Junying Wang ⋅ Hongyuan Zhang ⋅ Yuan Yuan

Recent personalized portrait generation methods, taking a facial image and a textual prompt as inputs, have attracted substantial attention. Although these methods generate high-fidelity portraits, they fail to prevent the generated portraits from being tracked and misused by malicious face recognition systems. To address this, this paper proposes a Customized Portrait Generation framework with facial Adversarial attacks (Adv-CPG). Specifically, to achieve facial privacy protection, we devise a lightweight local ID encryptor and an encryption enhancer. They implement progressive double-layer encryption protection by directly injecting the target identity and adding additional identity guidance, respectively. Furthermore, to accomplish fine-grained and customized portrait generation, we develop a multi-modal image customizer capable of generating controllable fine-grained facial features. To the best of our knowledge, Adv-CPG is the first study that introduces facial adversarial attacks into customized portrait generation. Extensive experiments demonstrate the superiority of Adv-CPG, e.g., the average attack success rate of the proposed Adv-CPG is 28.1% and 2.86% higher compared to the SOTA noise-based attack methods and unconstrained attack methods, respectively.

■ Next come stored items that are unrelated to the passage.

(* Let $P<P'$ be priority forests in $\Pi(n)$. Then the Möbius function satisfies $$\mu(P,P')=\begin{cases}(-1)^{\rho(P')-\rho(P)}&\text{if }P'\text{ is a }P\text{-Boolean forest},\\ 0&\text{otherwise.}\end{cases}$$
   Context: $[n]_0=\{0,\dots,n\}$. A priority forest on $[n]_0$ is a rooted forest with vertex set $[n]_0$ whose component trees $T_0,T_1,\dots$ are increasing (each non-root vertex has a larger label than its parent) and satisfy: for $j<k$ every label of $T_j$ is smaller than every label of $T_k$. The priority lattice $\Pi(n)$ is the set of priority forests on $[n]_0$ ordered by inclusion of edge sets, together with an extra top element $\hat1$. The rank of a priority forest is $\rho(P)=|E(P)|$. For priority forests $P<P'$, an edge $e\in E(P')\setminus E(P)$ is $P$-removable if deleting $e$ from $P'$ yields a priority forest (the forest's components are re-indexed by their root labels). $P'$ is a $P$-Boolean forest if every edge of $E(P')\setminus E(P)$ is $P$-removable. *)

theory Defs
  imports Main
begin

text \<open>Vertex set [n]_0 = {0..n}. A forest on [n]_0 is given by its set of directed
  edges (parent, child).\<close>

definition vset :: "nat \<Rightarrow> nat set" where
  "vset n = {0..n}"

definition conn :: "(nat \<times> nat) set \<Rightarrow> (nat \<times> nat) set" where
  "conn E = (E \<union> E\<inverse>)\<^sup>*"

text \<open>Priority forest: a rooted forest on [n]_0 (every vertex has at most one parent;
  vertices without a parent are roots), all trees increasing (child label > parent label),
  and for any two distinct components, all labels of one are smaller than all labels
  of the other (so components can be listed T_0, T_1, ... with label sets ordered).\<close>
definition priority_forest :: "nat \<Rightarrow> (nat \<times> nat) set \<Rightarrow> bool" where
  "priority_forest n E \<longleftrightarrow>
     E \<subseteq> vset n \<times> vset n \<and>
     (\<forall>(p, c) \<in> E. p < c) \<and>
     (\<forall>p q c. (p, c) \<in> E \<and> (q, c) \<in> E \<longrightarrow> p = q) \<and>
     (\<forall>u \<in> vset n. \<forall>v \<in> vset n. (u, v) \<notin> conn E \<longrightarrow>
        (\<forall>x \<in> vset n. \<forall>y \<in> vset n. (u, x) \<in> conn E \<and> (v, y) \<in> conn E \<longrightarrow> x < y) \<or>
        (\<forall>x \<in> vset n. \<forall>y \<in> vset n. (u, x) \<in> conn E \<and> (v, y) \<in> conn E \<longrightarrow> y < x))"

Sun 15 June 7:15 - 7:30 PDT

Gromov–Wasserstein Problem with Cyclic Symmetry

Shoichiro Takeda ⋅ Yasunori Akagi

We propose novel fast algorithms for the Gromov–Wasserstein problem (GW) using cyclic symmetry of input data. Such GW with cyclic symmetry naturally appears as an object matching task underlying various real-world computer vision applications, e.g., image registration, point cloud registration, stereo matching, and 3D reconstruction. Gradient-based algorithms have been used to solve GW, and our main idea is to use the following remarkable and non-trivial property: By setting the initial solution to have cyclic symmetry, all intermediate solutions and matrices appearing in the gradient-based algorithms have the same cyclic symmetry until convergence. Based on this property, our gradient-based algorithms restrict the solution space to have cyclic symmetry and update only one of the symmetric parts of solutions and matrices at each iteration, which results in fast computation. Furthermore, the original gradient-based algorithms and ours must solve the Optimal Transport problem (OT) at each iteration, but only in ours does this problem exhibit cyclic symmetry. This cyclic OT can be solved efficiently, and as a result, the total computational time of our algorithms is dramatically faster than the original ones. Experiments showed the effectiveness of our algorithms in synthetic and real-world data with strict and approximate cyclic symmetry, respectively.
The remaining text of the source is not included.